Collected data

(* Let $K$ be a field, let $R$ be a $K$-algebra and let $A$ be a right double Ore extension of $R$ with generating variables $x_1,x_2$, relation $$x_2x_1=p_{12}x_1x_2+p_{11}x_1^2+\tau_1x_1+\tau_2x_2+\tau_0\qquad(p_{12},p_{11}\in K,\ \tau_0,\tau_1,\tau_2\in R),$$ and associated maps $\sigma=(\sigma_{ij})\colon R\to M_2(R)$ and $\delta=(\delta_1,\delta_2)^T\colon R\to R^{\oplus 2}$. Suppose that $p_{11}=0$, $p_{12}\neq 0$, $\sigma_{12}=\sigma_{21}=0$ (i.e. $\sigma=\left(\begin{smallmatrix}\sigma_{11}&0\\0&\sigma_{22}\end{smallmatrix}\right)$), and $\sigma_{11}(r)\neq 0$, $\sigma_{22}(r)\neq 0$ for all $r\in R\setminus\{0\}$. Then $A$ is a skew PBW extension of $R$ (in the variables $x_1,x_2$).
   Context: All algebras are over a field $K$. A $K$-algebra $B$ containing $R$ as a subring is a right double Ore extension of $R$ if: (1) $B$ is generated by $R$ and two elements $x_1,x_2$; (2) $x_2x_1=p_{12}x_1x_2+p_{11}x_1^2+\tau_1x_1+\tau_2x_2+\tau_0$ with $p_{12},p_{11}\in K$, $\tau_0,\tau_1,\tau_2\in R$; (3) $B$ is a free left $R$-module with basis $\{x_1^{a}x_2^{b}: a,b\ge 0\}$; (4) $x_1R+x_2R\subseteq Rx_1+Rx_2+R$. By (3),(4) there are uniquely determined $K$-linear maps $\sigma_{ij},\delta_i\colon R\to R$ with $x_ir=\sigma_{i1}(r)x_1+\sigma_{i2}(r)x_2+\delta_i(r)$ for $i=1,2$, $r\in R$; one writes $\sigma=(\sigma_{ij})\colon R\to M_2(R)$, $\delta=(\delta_1,\delta_2)^T$, $P=\{p_{12},p_{11}\}$. A ring $A$ is a skew PBW extension of a ring $R$ in $x_1,\dots,x_n$ if: (i) $R\subseteq A$; (ii) $A$ is a free left $R$-module with basis the standard monomials $x_1^{\alpha_1}\cdots x_n^{\alpha_n}$, $\alpha\in\mathbb N^n$ (with $x_1^0\cdots x_n^0=1$); (iii) for each $i$ and each $r\in R\setminus\{0\}$ there is $c_{i,r}\in R\setminus\{0\}$ with $x_ir-c_{i,r}x_i\in R$; (iv) for all $i,j$ there is $c_{i,j}\in R\setminus\{0\}$ with $x_jx_i-c_{i,j}x_ix_j\in R+Rx_1+\cdots+Rx_n$. *)

theory Defs
  imports Main
begin

text \<open>Rings are modelled as a type class ring_1 (the ambient algebra A);
  a subring R is a subset of A closed under the ring operations.\<close>

definition is_subring :: "'a::ring_1 set \<Rightarrow> bool" where
  "is_subring R \<longleftrightarrow> 0 \<in> R \<and> 1 \<in> R \<and>
     (\<forall>a\<in>R. \<forall>b\<in>R. a + b \<in> R \<and> - a \<in> R \<and> a * b \<in> R)"

definition gen_subring :: "'a::ring_1 set \<Rightarrow> 'a set" where
  "gen_subring S = \<Inter>{T. is_subring T \<and> S \<subseteq> T}"

definition K_algebra_emb :: "('k::field \<Rightarrow> 'a::ring_1) \<Rightarrow> 'a set \<Rightarrow> bool" where
  "K_algebra_emb emb R \<longleftrightarrow>
     (\<forall>a b. emb (a + b) = emb a + emb b \<and> emb (a * b) = emb a * emb b) \<and>
     emb 1 = 1 \<and> (\<forall>c. emb c \<in> R) \<and> (\<forall>c y. emb c * y = y * emb c)"

definition free_left_basis :: "'a::ring_1 set \<Rightarrow> 'i set \<Rightarrow> ('i \<Rightarrow> 'a) \<Rightarrow> bool" where
  "free_left_basis R I m \<longleftrightarrow>
     (\<forall>y. \<exists>c. finite {i\<in>I. c i \<noteq> 0} \<and> (\<forall>i\<in>I. c i \<in> R) \<and>
            y = (\<Sum>i\<in>{i\<in>I. c i \<noteq> 0}. c i * m i)) \<and>
     (\<forall>c. finite {i\<in>I. c i \<noteq> 0} \<and> (\<forall>i\<in>I. c i \<in> R) \<and>
            (\<Sum>i\<in>{i\<in>I. c i \<noteq> 0}. c i * m i) = 0 \<longrightarrow> (\<forall>i\<in>I. c i = 0))"

definition right_double_Ore_ext ::
  "('k::field \<Rightarrow> 'a::ring_1) \<Rightarrow> 'a set \<Rightarrow> 'a \<Rightarrow> 'a \<Rightarrow> 'k \<Rightarrow> 'k \<Rightarrow> 'a \<Rightarrow> 'a \<Rightarrow> 'a \<Rightarrow> bool" where
  "right_double_Ore_ext emb R x1 x2 p12 p11 t0 t1 t2 \<longleftrightarrow>
     is_subring R \<and> K_algebra_emb emb R \<and>
     gen_subring (R \<union> {x1, x2}) = UNIV \<and>
     t0 \<in> R \<and> t1 \<in> R \<and> t2 \<in> R \<and>
     x2 * x1 = emb p12 * x1 * x2 + emb p11 * x1 ^ 2 + t1 * x1 + t2 * x2 + t0 \<and>
     free_left_basis R UNIV (\<lambda>(a, b). x1 ^ a * x2 ^ b) \<and>
     (\<forall>r\<in>R. \<forall>xi\<in>{x1, x2}. \<exists>a\<in>R. \<exists>b\<in>R. \<exists>c\<in>R. xi * r = a * x1 + b * x2 + c)"

definition std_monomial :: "nat \<Rightarrow> (nat \<Rightarrow> 'a::ring_1) \<Rightarrow> (nat \<Rightarrow> nat) \<Rightarrow> 'a" where
  "std_monomial n x al = prod_list (map (\<lambda>i. x i ^ al i) [1..<Suc n])"

definition lin_R :: "'a::ring_1 set \<Rightarrow> nat \<Rightarrow> (nat \<Rightarrow> 'a) \<Rightarrow> 'a set" where
  "lin_R R n x = {r0 + (\<Sum>i\<in>{1..n}. r i * x i) | r0 r. r0 \<in> R \<and> (\<forall>i. r i \<in> R)}"

definition skew_PBW_ext :: "'a::ring_1 set \<Rightarrow> nat \<Rightarrow> (nat \<Rightarrow> 'a) \<Rightarrow> bool" where
  "skew_PBW_ext R n x \<longleftrightarrow>
     is_subring R \<and>
     free_left_basis R {al. \<forall>i. i \<notin> {1..n} \<longrightarrow> al i = 0} (std_monomial n x) \<and>
     (\<forall>i\<in>{1..n}. \<forall>r\<in>R - {0}. \<exists>c\<in>R - {0}. x i * r - c * x i \<in> R) \<and>
     (\<forall>i\<in>{1..n}. \<forall>j\<in>{1..n}. \<exists>c\<in>R - {0}. x j * x i - c * x i * x j \<in> lin_R R n x)"

end

theory Submission
  imports Defs
begin

text \<open>Since \<open>\<sigma>\<close> is diagonal, \<open>x\<^sub>i r = \<sigma>\<^sub>i\<^sub>i(r) x\<^sub>i + \<delta>\<^sub>i(r)\<close> with \<open>\<sigma>\<^sub>i\<^sub>i(r) \<noteq> 0\<close> for
  \<open>r \<noteq> 0\<close>, which is condition (iii). Since \<open>p\<^sub>1\<^sub>1 = 0\<close>, the defining relation reads
  \<open>x\<^sub>2 x\<^sub>1 = p\<^sub>1\<^sub>2 x\<^sub>1 x\<^sub>2 + (terms of degree \<le> 1)\<close>; as \<open>p\<^sub>1\<^sub>2\<close> is invertible in \<open>K\<close>, it
  can be solved for \<open>x\<^sub>1 x\<^sub>2\<close> as well, giving condition (iv) in both orders. The PBW basis
  \<open>x\<^sub>1\<^sup>a x\<^sub>2\<^sup>b\<close> becomes the basis of standard monomials once exponent vectors supported
  on \<open>{1, 2}\<close> are identified with pairs \<open>(a, b)\<close>.\<close>

lemma bij_betw_nonzero_support:
  assumes "bij_betw f J I"
  shows "bij_betw f {j\<in>J. c (f j) \<noteq> 0} {i\<in>I. c i \<noteq> 0}"
  using assms unfolding bij_betw_def inj_on_def by auto

lemma free_left_basis_reindex:
  assumes bij: "bij_betw f J I" and basis: "free_left_basis R I m"
  shows "free_left_basis R J (m \<circ> f)"
  unfolding free_left_basis_def
proof (intro conjI allI impI)
  fix y
  obtain c where c: "finite {i\<in>I. c i \<noteq> 0}" "\<forall>i\<in>I. c i \<in> R"
    "y = (\<Sum>i\<in>{i\<in>I. c i \<noteq> 0}. c i * m i)"
    using basis unfolding free_left_basis_def by blast
  have supp: "bij_betw f {j\<in>J. c (f j) \<noteq> 0} {i\<in>I. c i \<noteq> 0}"
    using bij by (rule bij_betw_nonzero_support)
  show "\<exists>c'. finite {j\<in>J. c' j \<noteq> 0} \<and> (\<forall>j\<in>J. c' j \<in> R) \<and>
      y = (\<Sum>j\<in>{j\<in>J. c' j \<noteq> 0}. c' j * (m \<circ> f) j)"
  proof (intro exI conjI)
    show "finite {j\<in>J. (c \<circ> f) j \<noteq> 0}"
      using bij_betw_finite[OF supp] c(1) by simp
    show "\<forall>j\<in>J. (c \<circ> f) j \<in> R"
      using c(2) bij_betwE[OF bij] by simp
    show "y = (\<Sum>j\<in>{j\<in>J. (c \<circ> f) j \<noteq> 0}. (c \<circ> f) j * (m \<circ> f) j)"
      using sum.reindex_bij_betw[OF supp, of "\<lambda>i. c i * m i"] c(3) by simp
  qed
next
  fix c
  assume c: "finite {j\<in>J. c j \<noteq> 0} \<and> (\<forall>j\<in>J. c j \<in> R) \<and>
    (\<Sum>j\<in>{j\<in>J. c j \<noteq> 0}. c j * (m \<circ> f) j) = 0"
  define c' where "c' = c \<circ> inv_into J f"
  have c'_f: "c' (f j) = c j" if "j \<in> J" for j
    using that bij by (simp add: c'_def bij_betw_def)
  have supp_eq: "{j\<in>J. c' (f j) \<noteq> 0} = {j\<in>J. c j \<noteq> 0}"
    using c'_f by auto
  have supp: "bij_betw f {j\<in>J. c j \<noteq> 0} {i\<in>I. c' i \<noteq> 0}"
    using bij_betw_nonzero_support[OF bij, of c'] supp_eq by simp
  have "finite {i\<in>I. c' i \<noteq> 0}"
    using bij_betw_finite[OF supp] c by simp
  moreover have "\<forall>i\<in>I. c' i \<in> R"
    using c bij by (auto simp: c'_def bij_betw_def inv_into_into)
  moreover have "(\<Sum>i\<in>{i\<in>I. c' i \<noteq> 0}. c' i * m i) = 0"
    using sum.reindex_bij_betw[OF supp, of "\<lambda>i. c' i * m i"] c c'_f by simp
  ultimately have "\<forall>i\<in>I. c' i = 0"
    using basis unfolding free_left_basis_def by blast
  then show "\<forall>j\<in>J. c j = 0"
    using c'_f bij_betwE[OF bij] by fastforce
qed

lemma std_monomial_two: "std_monomial 2 x al = x 1 ^ al 1 * x 2 ^ al 2"
  by (simp add: std_monomial_def numeral_2_eq_2)

lemma bij_betw_exponents_two:
  "bij_betw (\<lambda>al :: nat \<Rightarrow> nat. (al 1, al 2)) {al. \<forall>i. i \<notin> {1..2::nat} \<longrightarrow> al i = 0} UNIV"
  (is "bij_betw ?f ?E UNIV")
proof (rule bij_betwI')
  fix al be assume al: "al \<in> ?E" and be: "be \<in> ?E"
  have "al i = be i" if "al 1 = be 1" "al 2 = be 2" for i
    using al be that by (cases "i = 1 \<or> i = 2") auto
  then show "(?f al = ?f be) = (al = be)"
    by auto
next
  fix p :: "nat \<times> nat"
  show "\<exists>al\<in>?E. p = ?f al"
    by (rule bexI[of _ "\<lambda>i. if i = 1 then fst p else if i = 2 then snd p else 0"]) auto
qed simp

lemma free_left_basis_std_monomial_two:
  assumes "free_left_basis R UNIV (\<lambda>(a, b). x 1 ^ a * x 2 ^ b)"
  shows "free_left_basis R {al. \<forall>i. i \<notin> {1..2} \<longrightarrow> al i = 0} (std_monomial 2 x)"
proof -
  have "std_monomial 2 x = (\<lambda>(a, b). x 1 ^ a * x 2 ^ b) \<circ> (\<lambda>al. (al 1, al 2))"
    by (simp add: fun_eq_iff std_monomial_two)
  then show ?thesis
    using free_left_basis_reindex[OF bij_betw_exponents_two assms] by simp
qed

lemma lin_R_two_memI:
  assumes "r0 \<in> R" "a \<in> R" "b \<in> R"
  shows "r0 + a * x 1 + b * x 2 \<in> lin_R R 2 x"
proof -
  have "r0 + a * x 1 + b * x 2 = r0 + (\<Sum>i\<in>{1..2}. (if i = 1 then a else b) * x i)"
    by (simp add: numeral_2_eq_2 add.assoc)
  then show ?thesis
    unfolding lin_R_def using assms by fastforce
qed

lemma K_algebra_emb_zero:
  assumes "K_algebra_emb emb R"
  shows "emb 0 = 0"
proof -
  have "emb (0 + 0) = emb 0 + emb 0"
    using assms unfolding K_algebra_emb_def by blast
  then show ?thesis by simp
qed

lemma K_algebra_emb_inverse_mult:
  assumes "K_algebra_emb emb R" and "p \<noteq> 0"
  shows "emb (inverse p) * emb p = 1"
proof -
  have "emb (inverse p) * emb p = emb (inverse p * p)" and "emb 1 = 1"
    using assms(1) unfolding K_algebra_emb_def by metis+
  then show ?thesis
    using assms(2) by simp
qed

lemma commutation_relation_swap:
  fixes x1 x2 u v t0 t1 t2 :: "'a::ring_1"
  assumes rel: "x2 * x1 = u * x1 * x2 + t1 * x1 + t2 * x2 + t0" and inv: "v * u = 1"
  shows "x1 * x2 - v * x2 * x1 = - (v * t0) + - (v * t1) * x1 + - (v * t2) * x2"
proof -
  have "v * x2 * x1 = (v * u) * x1 * x2 + v * t1 * x1 + v * t2 * x2 + v * t0"
    by (simp add: rel mult.assoc distrib_left)
  then show ?thesis
    using inv by (simp add: algebra_simps)
qed

lemma skew_commutation_of_diagonal:
  fixes y :: "'a::ring_1"
  assumes "\<forall>r\<in>R. y * r = s r * y + d r" and "\<forall>r\<in>R. s r \<in> R \<and> d r \<in> R"
    and "\<forall>r\<in>R - {0}. s r \<noteq> 0"
  shows "\<forall>r\<in>R - {0}. \<exists>c\<in>R - {0}. y * r - c * y \<in> R"
proof
  fix r assume r: "r \<in> R - {0}"
  then have "y * r - s r * y = d r"
    using assms(1) by simp
  then show "\<exists>c\<in>R - {0}. y * r - c * y \<in> R"
    using r assms(2,3) by (intro bexI[of _ "s r"]) auto
qed

lemma ball_atLeastAtMost_one_two: "(\<forall>i\<in>{1..2::nat}. P i) \<longleftrightarrow> P 1 \<and> P 2"
  by (auto simp: numeral_2_eq_2 le_Suc_eq)

lemma skew_PBW_commutation_two:
  assumes "0 \<in> R" "1 \<in> R"
    and "c \<in> R - {0}" "x 2 * x 1 - c * x 1 * x 2 \<in> lin_R R 2 x"
    and "c' \<in> R - {0}" "x 1 * x 2 - c' * x 2 * x 1 \<in> lin_R R 2 x"
  shows "\<forall>i\<in>{1..2}. \<forall>j\<in>{1..2}. \<exists>c\<in>R - {0}. x j * x i - c * x i * x j \<in> lin_R R 2 x"
proof -
  have "0 \<in> lin_R R 2 x"
    using lin_R_two_memI[of 0 R 0 0 x] \<open>0 \<in> R\<close> by simp
  then have square: "\<exists>c\<in>R - {0}. x i * x i - c * x i * x i \<in> lin_R R 2 x" for i
    using \<open>1 \<in> R\<close> by (intro bexI[of _ 1]) auto
  show ?thesis
    unfolding ball_atLeastAtMost_one_two
    using square[of 1] square[of 2] assms(3-6) by blast
qed

lemma skew_PBW_commutation_of_Ore_relation:
  assumes subring: "is_subring R" and emb: "K_algebra_emb emb R"
    and ts: "t0 \<in> R" "t1 \<in> R" "t2 \<in> R" and p: "p \<noteq> 0"
    and rel: "x 2 * x 1 = emb p * x 1 * x 2 + t1 * x 1 + t2 * x 2 + t0"
  shows "\<forall>i\<in>{1..2}. \<forall>j\<in>{1..2}. \<exists>c\<in>R - {0}. x j * x i - c * x i * x j \<in> lin_R R 2 x"
proof -
  let ?v = "emb (inverse p)"
  have R_closed: "0 \<in> R" "1 \<in> R" "\<And>a b. a \<in> R \<Longrightarrow> b \<in> R \<Longrightarrow> - (a * b) \<in> R"
    using subring unfolding is_subring_def by blast+
  have emb_R: "\<And>c. emb c \<in> R"
    using emb unfolding K_algebra_emb_def by blast
  have inv: "?v * emb p = 1"
    using K_algebra_emb_inverse_mult[OF emb p] .
  then have units: "emb p \<in> R - {0}" "?v \<in> R - {0}"
    using emb_R by auto
  have "x 2 * x 1 - emb p * x 1 * x 2 = t0 + t1 * x 1 + t2 * x 2"
    using rel by (simp add: algebra_simps)
  then have "x 2 * x 1 - emb p * x 1 * x 2 \<in> lin_R R 2 x"
    using lin_R_two_memI[OF ts] by simp
  moreover have "- (?v * t0) + - (?v * t1) * x 1 + - (?v * t2) * x 2 \<in> lin_R R 2 x"
    by (rule lin_R_two_memI) (use R_closed(3) emb_R ts in auto)
  then have "x 1 * x 2 - ?v * x 2 * x 1 \<in> lin_R R 2 x"
    unfolding commutation_relation_swap[OF rel inv] .
  ultimately show ?thesis
    using skew_PBW_commutation_two[OF R_closed(1,2) units(1) _ units(2)] by blast
qed

theorem theorem3p1:
  fixes emb :: "'k::field \<Rightarrow> 'a::ring_1"
    and R :: "'a set" and x1 x2 t0 t1 t2 :: 'a and p12 p11 :: 'k
    and s11 s12 s21 s22 d1 d2 :: "'a \<Rightarrow> 'a"
  assumes ore: "right_double_Ore_ext emb R x1 x2 p12 p11 t0 t1 t2"
    and maps_in_R: "\<forall>r\<in>R. s11 r \<in> R \<and> s12 r \<in> R \<and> s21 r \<in> R \<and> s22 r \<in> R \<and> d1 r \<in> R \<and> d2 r \<in> R"
    and x1_comm: "\<forall>r\<in>R. x1 * r = s11 r * x1 + s12 r * x2 + d1 r"
    and x2_comm: "\<forall>r\<in>R. x2 * r = s21 r * x1 + s22 r * x2 + d2 r"
    and p11: "p11 = 0" and p12: "p12 \<noteq> 0"
    and diag: "\<forall>r\<in>R. s12 r = 0 \<and> s21 r = 0"
    and nz: "\<forall>r\<in>R - {0}. s11 r \<noteq> 0 \<and> s22 r \<noteq> 0"
  shows "skew_PBW_ext R 2 (\<lambda>i. if i = 1 then x1 else x2)"
proof -
  let ?x = "\<lambda>i::nat. if i = 1 then x1 else x2"
  have subring: "is_subring R" and emb: "K_algebra_emb emb R" and ts: "t0 \<in> R" "t1 \<in> R" "t2 \<in> R"
    and rel: "?x 2 * ?x 1 = emb p12 * ?x 1 * ?x 2 + t1 * ?x 1 + t2 * ?x 2 + t0"
    and basis: "free_left_basis R UNIV (\<lambda>(a, b). ?x 1 ^ a * ?x 2 ^ b)"
    using ore K_algebra_emb_zero[of emb R] p11 unfolding right_double_Ore_ext_def by auto
  have "\<forall>r\<in>R - {0}. \<exists>c\<in>R - {0}. x1 * r - c * x1 \<in> R"
    by (rule skew_commutation_of_diagonal[where s = s11 and d = d1])
      (use x1_comm diag maps_in_R nz in auto)
  moreover have "\<forall>r\<in>R - {0}. \<exists>c\<in>R - {0}. x2 * r - c * x2 \<in> R"
    by (rule skew_commutation_of_diagonal[where s = s22 and d = d2])
      (use x2_comm diag maps_in_R nz in auto)
  ultimately have "\<forall>i\<in>{1..2}. \<forall>r\<in>R - {0}. \<exists>c\<in>R - {0}. ?x i * r - c * ?x i \<in> R"
    unfolding ball_atLeastAtMost_one_two by simp
  then show ?thesis
    unfolding skew_PBW_ext_def
    using subring free_left_basis_std_monomial_two[OF basis]
      skew_PBW_commutation_of_Ore_relation[OF subring emb ts p12 rel] by blast
qed

end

* Exercise *
Scan the records above. Return every line with "moreover" in it.

* Expected answer *
  moreover have "\<forall>i\<in>I. c' i \<in> R"
  moreover have "(\<Sum>i\<in>{i\<in>I. c' i \<noteq> 0}. c' i * m i) = 0"
  moreover have "- (?v * t0) + - (?v * t1) * x 1 + - (?v * t2) * x 2 \<in> lin_R R 2 x"
  moreover have "\<forall>r\<in>R - {0}. \<exists>c\<in>R - {0}. x2 * r - c * x2 \<in> R"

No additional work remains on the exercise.